───── Exercise materials

lemma pnorm_lincomb_le:
  fixes N :: "'a::real_vector \<Rightarrow> real"
  assumes N: "is_pnorm p N" and "0 < p" and "\<And>v. v \<in> B \<Longrightarrow> N v \<le> 1"
  shows "N (\<Sum>v\<in>B. a v *\<^sub>R v) \<le> (\<Sum>v\<in>B. \<bar>a v\<bar> powr p) powr (1 / p)"
proof -
  have N_nonneg: "0 \<le> N y" for y
    using N by (simp add: is_pnorm_def)
  have "N (\<Sum>v\<in>B. a v *\<^sub>R v) powr p \<le> (\<Sum>v\<in>B. N (a v *\<^sub>R v) powr p)"
    by (rule pnorm_sum_powr_le[OF N])
  also have "\<dots> \<le> (\<Sum>v\<in>B. \<bar>a v\<bar> powr p)"
  proof (rule sum_mono)
    fix v assume "v \<in> B"
    then have "\<bar>a v\<bar> * N v \<le> \<bar>a v\<bar>"
      using assms(3) by (simp add: mult_left_le)
    then show "N (a v *\<^sub>R v) powr p \<le> \<bar>a v\<bar> powr p"
      using N \<open>0 < p\<close> N_nonneg[of v] by (intro powr_mono2) (auto simp: is_pnorm_def)
  qed
  finally have "(N (\<Sum>v\<in>B. a v *\<^sub>R v) powr p) powr (1 / p) \<le> (\<Sum>v\<in>B. \<bar>a v\<bar> powr p) powr (1 / p)"
    using \<open>0 < p\<close> by (intro powr_mono2) auto
  then show ?thesis
    using \<open>0 < p\<close> N_nonneg by (simp add: powr_powr)
qed

definition p_combinations :: "real \<Rightarrow> 'a::real_vector set \<Rightarrow> 'a set" where
  "p_combinations p Z =
     {(\<Sum>v\<in>F. a v *\<^sub>R v) | F a. finite F \<and> F \<subseteq> Z \<and> (\<Sum>v\<in>F. \<bar>a v\<bar> powr p) \<le> 1}"

lemma lincomb_zero_extension:
  fixes a :: "'a::real_vector \<Rightarrow> real"
  assumes "finite H" "F \<subseteq> H"
  shows "(\<Sum>v\<in>H. (if v \<in> F then a v else 0) *\<^sub>R v) = (\<Sum>v\<in>F. a v *\<^sub>R v)"
    and "(\<Sum>v\<in>H. \<bar>if v \<in> F then a v else 0\<bar> powr p) = (\<Sum>v\<in>F. \<bar>a v\<bar> powr p)"
  using assms by (auto intro!: sum.mono_neutral_cong_right)

lemma subset_p_combinations: "Z \<subseteq> p_combinations p Z"
proof
  fix z assume "z \<in> Z"
  then show "z \<in> p_combinations p Z"
    unfolding p_combinations_def by (intro CollectI exI[of _ "{z}"] exI[of _ "\<lambda>_. 1"]) auto
qed

lemma p_convex_p_combinations:
  assumes "0 < p" "p \<le> 1"
  shows "p_convex p (p_combinations p Z)"
  unfolding p_convex_def
proof (intro ballI allI impI)
  fix y1 y2 s t
  assume "y1 \<in> p_combinations p Z" "y2 \<in> p_combinations p Z"
    and st: "0 \<le> s \<and> 0 \<le> t \<and> s powr p + t powr p = 1"
  then obtain F1 a1 F2 a2 where F: "finite F1" "F1 \<subseteq> Z" "finite F2" "F2 \<subseteq> Z"
    and y: "y1 = (\<Sum>v\<in>F1. a1 v *\<^sub>R v)" "y2 = (\<Sum>v\<in>F2. a2 v *\<^sub>R v)"
    and le1: "(\<Sum>v\<in>F1. \<bar>a1 v\<bar> powr p) \<le> 1" "(\<Sum>v\<in>F2. \<bar>a2 v\<bar> powr p) \<le> 1"
    unfolding p_combinations_def by blast
  define H where "H = F1 \<union> F2"
  define b1 where "b1 v = (if v \<in> F1 then a1 v else 0)" for v
  define b2 where "b2 v = (if v \<in> F2 then a2 v else 0)" for v
  have H: "finite H" "F1 \<subseteq> H" "F2 \<subseteq> H"
    using F by (auto simp: H_def)
  note ext1 = lincomb_zero_extension[OF H(1,2), of a1, folded b1_def]
  note ext2 = lincomb_zero_extension[OF H(1,3), of a2, folded b2_def]
  have combination: "s *\<^sub>R y1 + t *\<^sub>R y2 = (\<Sum>v\<in>H. (s * b1 v + t * b2 v) *\<^sub>R v)"
    by (simp add: y ext1(1)[symmetric] ext2(1)[symmetric] scaleR_sum_right scaleR_add_left sum.distrib)
  have "(\<Sum>v\<in>H. \<bar>s * b1 v + t * b2 v\<bar> powr p)
      \<le> (\<Sum>v\<in>H. s powr p * \<bar>b1 v\<bar> powr p + t powr p * \<bar>b2 v\<bar> powr p)"
  proof (rule sum_mono)
    fix v
    have "\<bar>s * b1 v + t * b2 v\<bar> powr p \<le> (\<bar>s * b1 v\<bar> + \<bar>t * b2 v\<bar>) powr p"
      using assms by (intro powr_mono2 abs_triangle_ineq) auto
    also have "\<dots> \<le> \<bar>s * b1 v\<bar> powr p + \<bar>t * b2 v\<bar> powr p"
      using assms by (intro powr_add_le_add_powr) auto
    finally show "\<bar>s * b1 v + t * b2 v\<bar> powr p \<le> s powr p * \<bar>b1 v\<bar> powr p + t powr p * \<bar>b2 v\<bar> powr p"
      using st by (simp add: abs_mult powr_mult)
  qed
  also have "\<dots> \<le> s powr p * 1 + t powr p * 1"
    using le1 by (simp add: sum.distrib ext1(2) ext2(2) flip: sum_distrib_left)
      (intro add_mono mult_left_le; simp)
  finally have "(\<Sum>v\<in>H. \<bar>s * b1 v + t * b2 v\<bar> powr p) \<le> 1"
    using st by simp
  with combination show "s *\<^sub>R y1 + t *\<^sub>R y2 \<in> p_combinations p Z"
    using F unfolding p_combinations_def
    by (intro CollectI exI[of _ H] exI[of _ "\<lambda>v. s * b1 v + t * b2 v"]) (auto simp: H_def)
qed

lemma co_p_least: "A \<subseteq> C \<Longrightarrow> p_convex p C \<Longrightarrow> co_p p A \<subseteq> C"
  unfolding co_p_def by blast

lemma p_convex_span: "p_convex p (span S)"
  unfolding p_convex_def by (auto intro: span_add span_scale)

lemma span_eq_UNIV_if_unit_ball_subset:
  assumes N: "is_pnorm p N" and ball: "unit_ball N \<subseteq> span Z"
  shows "span Z = UNIV"
proof -
  have "y \<in> span Z" for y
  proof (cases "y = 0")
    case False
    with N have "0 < N y" "N ((1 / N y) *\<^sub>R y) = 1"
      by (auto simp: is_pnorm_def order_le_less)
    then have "(1 / N y) *\<^sub>R y \<in> span Z"
      using ball unfolding unit_ball_def by (metis mem_Collect_eq order_refl subsetD)
    then have "N y *\<^sub>R ((1 / N y) *\<^sub>R y) \<in> span Z"
      by (rule span_scale)
    with \<open>0 < N y\<close> show ?thesis
      by simp
  qed (simp add: span_zero)
  then show ?thesis
    by blast
qed

lemma exists_lincomb_psum_le_pnorm:
  fixes N :: "'a::real_vector \<Rightarrow> real"
  assumes N: "is_pnorm p N" and ball: "unit_ball N \<subseteq> p_combinations p Z"
  obtains F a where "finite F" "F \<subseteq> Z" "x = (\<Sum>v\<in>F. a v *\<^sub>R v)"
    "(\<Sum>v\<in>F. \<bar>a v\<bar> powr p) \<le> N x powr p"
proof (cases "x = 0")
  case True
  then show ?thesis
    using that[of "{}"] by simp
next
  case False
  with N have n: "0 < N x" "N ((1 / N x) *\<^sub>R x) = 1"
    by (auto simp: is_pnorm_def order_le_less)
  obtain F a where F: "finite F" "F \<subseteq> Z" "(1 / N x) *\<^sub>R x = (\<Sum>v\<in>F. a v *\<^sub>R v)"
    "(\<Sum>v\<in>F. \<bar>a v\<bar> powr p) \<le> 1"
    using ball n(2) unfolding unit_ball_def p_combinations_def by force
  have "x = N x *\<^sub>R ((1 / N x) *\<^sub>R x)"
    using n(1) by simp
  also have "\<dots> = (\<Sum>v\<in>F. (N x * a v) *\<^sub>R v)"
    by (simp add: F(3) scaleR_sum_right)
  finally have "x = (\<Sum>v\<in>F. (N x * a v) *\<^sub>R v)" .
  moreover have "(\<Sum>v\<in>F. \<bar>N x * a v\<bar> powr p) \<le> N x powr p"
    using F(4) n(1) by (simp add: abs_mult powr_mult flip: sum_distrib_left)
  ultimately show ?thesis
    by (rule that[OF F(1,2)])
qed
lemma uniform_limit_bounded_below_on_nearby_spheres:
  fixes G :: "nat \<Rightarrow> 'a::euclidean_space \<Rightarrow> 'b::real_normed_vector"
  assumes lim: "uniform_limit (cball \<sigma> \<rho>) G g sequentially" and cont: "continuous_on (cball \<sigma> \<rho>) g"
    and r: "0 \<le> r" "r < \<rho>" and nz: "\<And>z. z \<in> sphere \<sigma> r \<Longrightarrow> g z \<noteq> 0" and c: "c \<longlonglongrightarrow> \<sigma>"
  obtains m where "m > 0" "\<forall>\<^sub>F n in sequentially. \<forall>z\<in>sphere (c n) r. m \<le> norm (G n z)"
proof -
  obtain \<eta> m where "\<eta> > 0" "m > 0"
    and g_large: "\<And>c' z. dist c' \<sigma> < \<eta> \<Longrightarrow> z \<in> sphere c' r \<Longrightarrow> m \<le> norm (g z)"
    using nonzero_on_sphere_imp_bounded_below_nearby[OF cont r nz] by blast
  have "\<forall>\<^sub>F n in sequentially. \<forall>z\<in>cball \<sigma> \<rho>. dist (G n z) (g z) < m / 2"
    using uniform_limitD[OF lim, of "m / 2"] \<open>m > 0\<close> by simp
  moreover have "\<forall>\<^sub>F n in sequentially. dist (c n) \<sigma> < min \<eta> (\<rho> - r)"
    using tendstoD[OF c, of "min \<eta> (\<rho> - r)"] \<open>\<eta> > 0\<close> r by simp
  ultimately have "\<forall>\<^sub>F n in sequentially. \<forall>z\<in>sphere (c n) r. m / 2 \<le> norm (G n z)"
  proof eventually_elim
    case (elim n)
    show ?case
    proof
      fix z assume z: "z \<in> sphere (c n) r"
      then have "z \<in> cball \<sigma> \<rho>" using elim(2) dist_triangle[of \<sigma> z "c n"] by (simp add: dist_commute)
      then have "dist (G n z) (g z) < m / 2" using elim(1) by blast
      moreover have "m \<le> norm (g z)" using g_large elim(2) z by force
      ultimately show "m / 2 \<le> norm (G n z)"
        using norm_triangle_ineq2[of "g z" "G n z"] by (simp add: dist_norm norm_minus_commute)
    qed
  qed
  then show ?thesis using that[of "m / 2"] \<open>m > 0\<close> by simp
qed

lemma uniform_limit_nonzero_somewhere:
  assumes lim: "uniform_limit W F g sequentially" and "c > 0"
    and large: "\<And>n. \<exists>w\<in>W. c \<le> norm (F n w)"
  shows "\<exists>w\<in>W. g w \<noteq> 0"
proof (rule ccontr)
  assume "\<not> (\<exists>w\<in>W. g w \<noteq> 0)"
  then have g0: "\<And>w. w \<in> W \<Longrightarrow> g w = 0" by blast
  obtain n where "\<forall>w\<in>W. dist (F n w) (g w) < c"
    using eventually_happens'[OF sequentially_bot uniform_limitD[OF lim \<open>c > 0\<close>]] by blast
  moreover obtain w where "w \<in> W" "c \<le> norm (F n w)" using large by blast
  ultimately show False using g0 by (force simp: dist_norm)
qed

section \<open>Almost periodic functions in a strip\<close>

lemma almost_periodic_onE:
  assumes "almost_periodic_on S f" "\<epsilon> > 0"
  obtains L where
    "\<And>y. \<exists>\<tau>. y - L \<le> \<tau> \<and> \<tau> \<le> y \<and> (\<forall>s\<in>S. cmod (f (s + \<i> * of_real \<tau>) - f s) \<le> \<epsilon>)"
proof -
  obtain L where
    "\<And>x. \<exists>\<tau>. x \<le> \<tau> \<and> \<tau> \<le> x + L \<and> (\<forall>s\<in>S. cmod (f (s + \<i> * of_real \<tau>) - f s) \<le> \<epsilon>)"
    using assms unfolding almost_periodic_on_def relatively_dense_def by fastforce
  then show ?thesis using that[of L] by (metis diff_add_cancel)
qed

lemma almost_periodic_bounded_on_closed_substrip:
  assumes ap: "almost_periodic_on (strip a b) f" and cont: "continuous_on (strip a b) f"
    and "a < c" "d < b"
  obtains M where "\<And>z. c \<le> Re z \<Longrightarrow> Re z \<le> d \<Longrightarrow> cmod (f z) \<le> M"
proof -
  obtain L where L: "\<And>y. \<exists>\<tau>. y - L \<le> \<tau> \<and> \<tau> \<le> y \<and> (\<forall>s\<in>strip a b. cmod (f (s + \<i> * of_real \<tau>) - f s) \<le> 1)"
    using almost_periodic_onE[OF ap zero_less_one] by blast
  define R where "R = cbox (Complex c 0) (Complex d L)"
  have mem_R: "z \<in> R \<longleftrightarrow> c \<le> Re z \<and> Re z \<le> d \<and> 0 \<le> Im z \<and> Im z \<le> L" for z
    by (auto simp: R_def mem_box Basis_complex_def)
  have R_strip: "R \<subseteq> strip a b" using assms by (auto simp: mem_R strip_def)
  have "compact (f ` R)"
    by (metis R_def R_strip compact_cbox compact_continuous_image cont continuous_on_subset)
  then obtain M where M: "\<And>z. z \<in> R \<Longrightarrow> cmod (f z) \<le> M"
    by (meson bounded_iff compact_imp_bounded image_eqI)
  \<comment> \<open>every z lies a 1-almost period above a point of the compact rectangle R\<close>
  have "cmod (f z) \<le> M + 1" if "c \<le> Re z" "Re z \<le> d" for z
  proof -
    obtain \<tau> where \<tau>: "Im z - L \<le> \<tau>" "\<tau> \<le> Im z"
      and period: "\<forall>s\<in>strip a b. cmod (f (s + \<i> * of_real \<tau>) - f s) \<le> 1"
      using L[of "Im z"] by blast
    define z' where "z' = z - \<i> * of_real \<tau>"
    have "z' \<in> R" using that \<tau> by (auto simp: mem_R z'_def)
    moreover have "cmod (f z - f z') \<le> 1"
      using period R_strip \<open>z' \<in> R\<close> by (force simp: z'_def)
    ultimately show ?thesis using M norm_triangle_sub[of "f z" "f z'"] by fastforce
  qed
  then show ?thesis using that by blast
qed

lemma almost_periodic_translate_large_on_segment:
  assumes ap: "almost_periodic_on (strip a b) f" and p0: "p0 \<in> strip a b" "f p0 \<noteq> 0"
  obtains L where "\<And>t. \<exists>u\<in>{-L..0}. cmod (f p0) / 2 \<le> cmod (f (p0 + \<i> * of_real u + \<i> * of_real t))"
proof -
  obtain L where L: "\<And>y. \<exists>\<tau>. y - L \<le> \<tau> \<and> \<tau> \<le> y \<and>
      (\<forall>s\<in>strip a b. cmod (f (s + \<i> * of_real \<tau>) - f s) \<le> cmod (f p0) / 2)"
    using almost_periodic_onE[OF ap, of "cmod (f p0) / 2"] p0 by (metis zero_less_divide_iff zero_less_norm_iff zero_less_numeral)
  have "\<exists>u\<in>{-L..0}. cmod (f p0) / 2 \<le> cmod (f (p0 + \<i> * of_real u + \<i> * of_real t))" for t
  proof -
    obtain \<tau> where \<tau>: "t - L \<le> \<tau>" "\<tau> \<le> t" "cmod (f (p0 + \<i> * of_real \<tau>) - f p0) \<le> cmod (f p0) / 2"
      using L[of t] p0 by blast
    then have "cmod (f p0) / 2 \<le> cmod (f (p0 + \<i> * of_real \<tau>))"
      using norm_triangle_ineq2[of "f p0" "f (p0 + \<i> * of_real \<tau>)"] by (simp add: norm_minus_commute)
    moreover have "p0 + \<i> * of_real (\<tau> - t) + \<i> * of_real t = p0 + \<i> * of_real \<tau>"
      by (simp add: algebra_simps)
    moreover have "\<tau> - t \<in> {-L..0}" using \<tau> by auto
    ultimately show ?thesis by metis
  qed
  then show ?thesis using that by blast
qed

──────────

● **Your assignment**: Collect the lines of the data that carry the word "fixes".

● **Your solution**:
  fixes N :: "'a::real_vector \<Rightarrow> real"
  fixes a :: "'a::real_vector \<Rightarrow> real"
  fixes N :: "'a::real_vector \<Rightarrow> real"
  fixes G :: "nat \<Rightarrow> 'a::euclidean_space \<Rightarrow> 'b::real_normed_vector"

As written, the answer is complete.